Example Workflow
castform-example-workflow.RmdBelow is an example of a typical end-to-end workflow using the castform package to analyze historic weather station data from Prince Edward Island, Canada.
(1) Download the latest station inventory
Make sure that we are working with the most up-to-date station inventory list from Environment Canada
(2) Look up the stations available in Prince Edward Island
Summarize stations in our province of interest to ensure that there is enough data to complete an analysis on.
PE_stations <- station_lookup(province = "prince edward island")
c("Number of stations" = nrow(PE_stations),
"Earliest Collection Year" = min(PE_stations$HLY.First.Year),
"Latest Collection Year" = max(PE_stations$HLY.Last.Year))## Number of stations Earliest Collection Year Latest Collection Year
## 11 1953 2026
From the station look-up, there are 83 weather stations in Nova Scotia with data available in varying ranges from 1953 to 2026.
(3) Test Download with One File
Before committing, we will test our downloads by downloading the first month of available data from the first station (Station Name = “CHARLOTTETOWN A” ; Station ID = 6526)
get_single_station_file(station_id = 7103,
root_folder = "castform_outputs")(4) Download Province Stations
Now that we ensure the download works and creates the directory in the correct place, we can move onto the pull province download.
province_station_files(province = "prince edward island",
root_folder = "castform_outputs")(5) Create the Database
Next, we can create an sqlite database to store downloaded data and allow for analysis through queries.

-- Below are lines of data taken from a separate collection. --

(* Let ${}^{n}\mathbf C$, ${}^{n+1}\mathbf C$ and ${}^{n}\mathbf C_{\mathrm i}$ be symmetric positive definite $3\times3$ real matrices. The matrix $\mathbf M:=\overline{({}^{n+1}\mathbf C)^{-1}\,{}^{n}\mathbf C}$ has positive real eigenvalues and is diagonalizable, so its principal square root $\mathbf F_{\mathrm{sh}}:=\mathbf M^{1/2}$ is well defined; put $${}^{\mathrm{est}}\mathbf C_{\mathrm i}:=\mathbf F_{\mathrm{sh}}^{-T}\,{}^{n}\mathbf C_{\mathrm i}\,\mathbf F_{\mathrm{sh}}^{-1}.$$ Then: (i) $\mathbf F_{\mathrm{sh}}^{-T}\,\overline{{}^{n}\mathbf C}\,\mathbf F_{\mathrm{sh}}^{-1}=\overline{{}^{n+1}\mathbf C}$, $\det\mathbf F_{\mathrm{sh}}=1$, and ${}^{\mathrm{est}}\mathbf C_{\mathrm i}$ is symmetric positive definite with $\det{}^{\mathrm{est}}\mathbf C_{\mathrm i}=\det{}^{n}\mathbf C_{\mathrm i}$; moreover ${}^{\mathrm{est}}\mathbf C_{\mathrm i}=(\overline{{}^{n+1}\mathbf C\,({}^{n}\mathbf C)^{-1}})^{1/2}\,{}^{n}\mathbf C_{\mathrm i}\,(\overline{({}^{n}\mathbf C)^{-1}\,{}^{n+1}\mathbf C})^{1/2}$. (ii) (Weak invariance) For every real $3\times3$ matrix $\mathbf F_0$ with $\det\mathbf F_0=1$, if ${}^{n}\mathbf C$, ${}^{n+1}\mathbf C$, ${}^{n}\mathbf C_{\mathrm i}$ are replaced by $\mathbf F_0^{-T}\,{}^{n}\mathbf C\,\mathbf F_0^{-1}$, $\mathbf F_0^{-T}\,{}^{n+1}\mathbf C\,\mathbf F_0^{-1}$, $\mathbf F_0^{-T}\,{}^{n}\mathbf C_{\mathrm i}\,\mathbf F_0^{-1}$, then the resulting estimate equals $\mathbf F_0^{-T}\,{}^{\mathrm{est}}\mathbf C_{\mathrm i}\,\mathbf F_0^{-1}$.
   Context: For a matrix $\mathbf M$ with $\det\mathbf M>0$, $\overline{\mathbf M}:=(\det\mathbf M)^{-1/3}\mathbf M$. The principal square root of a diagonalizable matrix with positive eigenvalues is the unique square root with positive eigenvalues. $\mathbf M^{-T}=(\mathbf M^{-1})^T$. *)

theory Defs
  imports "HOL-Analysis.Analysis"
begin

type_synonym mat3 = "real^3^3"

definition is_eigenvalue :: "real^'n^'n \<Rightarrow> real \<Rightarrow> bool" where
  "is_eigenvalue A l \<longleftrightarrow> (\<exists>v. v \<noteq> 0 \<and> A *v v = l *\<^sub>R v)"

definition diagonal_mat :: "real^'n^'n \<Rightarrow> bool" where
  "diagonal_mat D \<longleftrightarrow> (\<forall>i j. i \<noteq> j \<longrightarrow> D $ i $ j = 0)"

definition real_diagonalizable :: "real^'n^'n \<Rightarrow> bool" where
  "real_diagonalizable A \<longleftrightarrow>
     (\<exists>(P::real^'n^'n) D. invertible P \<and> diagonal_mat D \<and> A = P ** D ** matrix_inv P)"

definition sym_posdef :: "real^'n^'n \<Rightarrow> bool" where
  "sym_posdef A \<longleftrightarrow> transpose A = A \<and> (\<forall>x. x \<noteq> 0 \<longrightarrow> x \<bullet> (A *v x) > 0)"

text \<open>Unimodular part: \<open>(det M)^(-1/3) M\<close> (meant for \<open>det M > 0\<close>).\<close>
definition unimod :: "mat3 \<Rightarrow> mat3" where
  "unimod M = (det M) powr (-1/3) *\<^sub>R M"

text \<open>Principal square root: the unique square root all of whose eigenvalues
  are positive. (A real square root of a matrix with positive eigenvalues
  cannot have non-real eigenvalues, so restricting to real eigenvalues is harmless.)\<close>
definition psqrt :: "real^'n^'n \<Rightarrow> real^'n^'n" where
  "psqrt M = (THE S. S ** S = M \<and> (\<forall>l. is_eigenvalue S l \<longrightarrow> l > 0))"

definition est :: "mat3 \<Rightarrow> mat3 \<Rightarrow> mat3 \<Rightarrow> mat3" where
  "est C0 C1 Ci =
     (let F = psqrt (unimod (matrix_inv C1 ** C0))
      in transpose (matrix_inv F) ** Ci ** matrix_inv F)"

end

theory Submission
  imports Defs
begin

text \<open>Two symmetric positive definite matrices \<open>C\<^sub>0\<close>, \<open>C\<^sub>1\<close> can be diagonalized
  simultaneously by congruence: there is an invertible \<open>T\<close> with \<open>T\<^sup>T C\<^sub>1 T = I\<close> and
  \<open>T\<^sup>T C\<^sub>0 T = diag \<lambda>\<close>, \<open>\<lambda> > 0\<close>. Then \<open>C\<^sub>1\<^sup>-\<^sup>1 C\<^sub>0 = T diag \<lambda> T\<^sup>-\<^sup>1\<close>, and every matrix
  in the statement (its unimodular part \<open>M\<close>, the principal root \<open>F\<^sub>s\<^sub>h\<close>, the reversed
  quotients and their roots) has the form \<open>T diag \<nu> T\<^sup>-\<^sup>1\<close> for an explicit positive \<open>\<nu>\<close>,
  so every claim becomes an identity between diagonal matrices. Replacing the \<open>C\<close>'s by
  their congruences with \<open>F\<^sub>0\<^sup>-\<^sup>1\<close> replaces \<open>T\<close> by \<open>F\<^sub>0 T\<close> and keeps \<open>\<lambda>\<close>, which is the
  weak invariance (for every invertible \<open>F\<^sub>0\<close>). Simultaneous diagonalization rests on the
  spectral theorem, obtained by maximizing the Rayleigh quotient on invariant subspaces.\<close>

section \<open>Spectral theorem for symmetric matrices\<close>

lemma linear_coeff_zero_if_quadratic_nonpos:
  fixes a b :: real
  assumes "\<And>t. a * t^2 + b * t \<le> 0"
  shows "b = 0"
proof (rule ccontr)
  assume b: "b \<noteq> 0"
  define c where "c = 2 * \<bar>a\<bar> + 2"
  have c: "c > 0" and ac: "a + c > 0"
    unfolding c_def using abs_ge_zero[of a] abs_ge_minus_self[of a] by linarith+
  have "a * (b/c)^2 + b * (b/c) = b^2 * (a + c) / (c*c)"
    using c by (simp add: power2_eq_square divide_simps) (simp add: algebra_simps)
  moreover have "b^2 * (a + c) / (c*c) > 0"
    using b c ac by (intro divide_pos_pos mult_pos_pos) auto
  ultimately show False using assms[of "b/c"] by linarith
qed

lemma symmetric_matrix_inner:
  fixes A :: "real^'n^'n"
  assumes "transpose A = A"
  shows "(A *v x) \<bullet> y = x \<bullet> (A *v y)"
  by (metis assms dot_lmul_matrix transpose_matrix_vector)

text \<open>First-order condition at a maximizer \<open>v\<close> of the Rayleigh quotient: moving to
  \<open>v + t y\<close> with \<open>y \<perp> v\<close> must not increase it, so the linear term \<open>2 t (A v) \<bullet> y\<close> vanishes.\<close>
lemma rayleigh_max_orthogonal:
  fixes A :: "real^'n^'n"
  assumes sym: "transpose A = A" and S: "subspace S"
    and v: "v \<in> S" "norm v = 1"
    and max: "\<And>w. w \<in> S \<Longrightarrow> norm w = 1 \<Longrightarrow> w \<bullet> (A *v w) \<le> v \<bullet> (A *v v)"
    and y: "y \<in> S" "v \<bullet> y = 0"
  shows "(A *v v) \<bullet> y = 0"
proof -
  define l where "l = v \<bullet> (A *v v)"
  have vv: "v \<bullet> v = 1" using v by (simp add: norm_eq_1)
  have "(y \<bullet> (A *v y) - l * (y \<bullet> y)) * t^2 + (2 * ((A *v v) \<bullet> y)) * t \<le> 0" for t
  proof -
    define w where "w = v + t *\<^sub>R y"
    have ww: "w \<bullet> w = 1 + t^2 * (y \<bullet> y)" unfolding w_def
      using vv y by (simp add: inner_add_left inner_add_right inner_commute power2_eq_square)
    hence w_pos: "w \<bullet> w > 0" using inner_ge_zero[of y] by (simp add: add_pos_nonneg)
    hence nw: "norm w > 0" by (simp add: inner_gt_zero_iff)
    have "w /\<^sub>R norm w \<in> S" unfolding w_def using v y S by (simp add: subspace_add subspace_scale)
    hence "(w /\<^sub>R norm w) \<bullet> (A *v (w /\<^sub>R norm w)) \<le> l"
      unfolding l_def using nw by (intro max) auto
    moreover have "(w /\<^sub>R norm w) \<bullet> (A *v (w /\<^sub>R norm w)) = (w \<bullet> (A *v w)) / (w \<bullet> w)"
      using nw by (simp add: matrix_vector_mult_scaleR power2_norm_eq_inner[symmetric] power2_eq_square)
        (simp add: field_simps)
    ultimately have "w \<bullet> (A *v w) \<le> l * (w \<bullet> w)" using w_pos by (simp add: divide_le_eq)
    moreover have "w \<bullet> (A *v w) = l + 2 * t * ((A *v v) \<bullet> y) + t^2 * (y \<bullet> (A *v y))"
      using symmetric_matrix_inner[OF sym, of v y] unfolding w_def l_def
      by (simp add: matrix_vector_right_distrib matrix_vector_mult_scaleR inner_add_left
          inner_add_right inner_commute power2_eq_square algebra_simps)
    ultimately show ?thesis using ww by (simp add: algebra_simps power2_eq_square)
  qed
  from linear_coeff_zero_if_quadratic_nonpos[OF this] show ?thesis by simp
qed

build_station_database(db_name = "PEI",
root_folder = "castform_outputs/PRINCE_EDWARD_ISLAND,
output_dir = "castform_outputs")Before continuing, we must validate the created database
(NS_database.sqlite) to ensure that the data is stored with
the proper schema.
validate_database(db_name = "PEI",
db_dir = "castform_outputs")## Database not found. Please double check the entered database name, the database directory, and ensure the build_station_database function finished successfully.
(6) Exploratory Data Analysis
Now we can explore the downloaded data.
(6a) Station Map
First, we will create a map to visualize the stations we are working with.
station_map(db_name = "PEI",
db_dir = "castform_outputs",
output_dir = "castform_outputs",
metadata_stations = FALSE)
(6b) Data Missingness
Next, we can create a table that summarizes how much data is missing within the variables of each station.
data_missingness_table(db_name = "PEI",
db_dir = "castform_outputs",
output_dir = "castform_outputs",
write_csv = TRUE)
(6c) Data Ranges
Next, we can create a table that summarizes how much data is average, minimum, and maximum values of each variable of each station.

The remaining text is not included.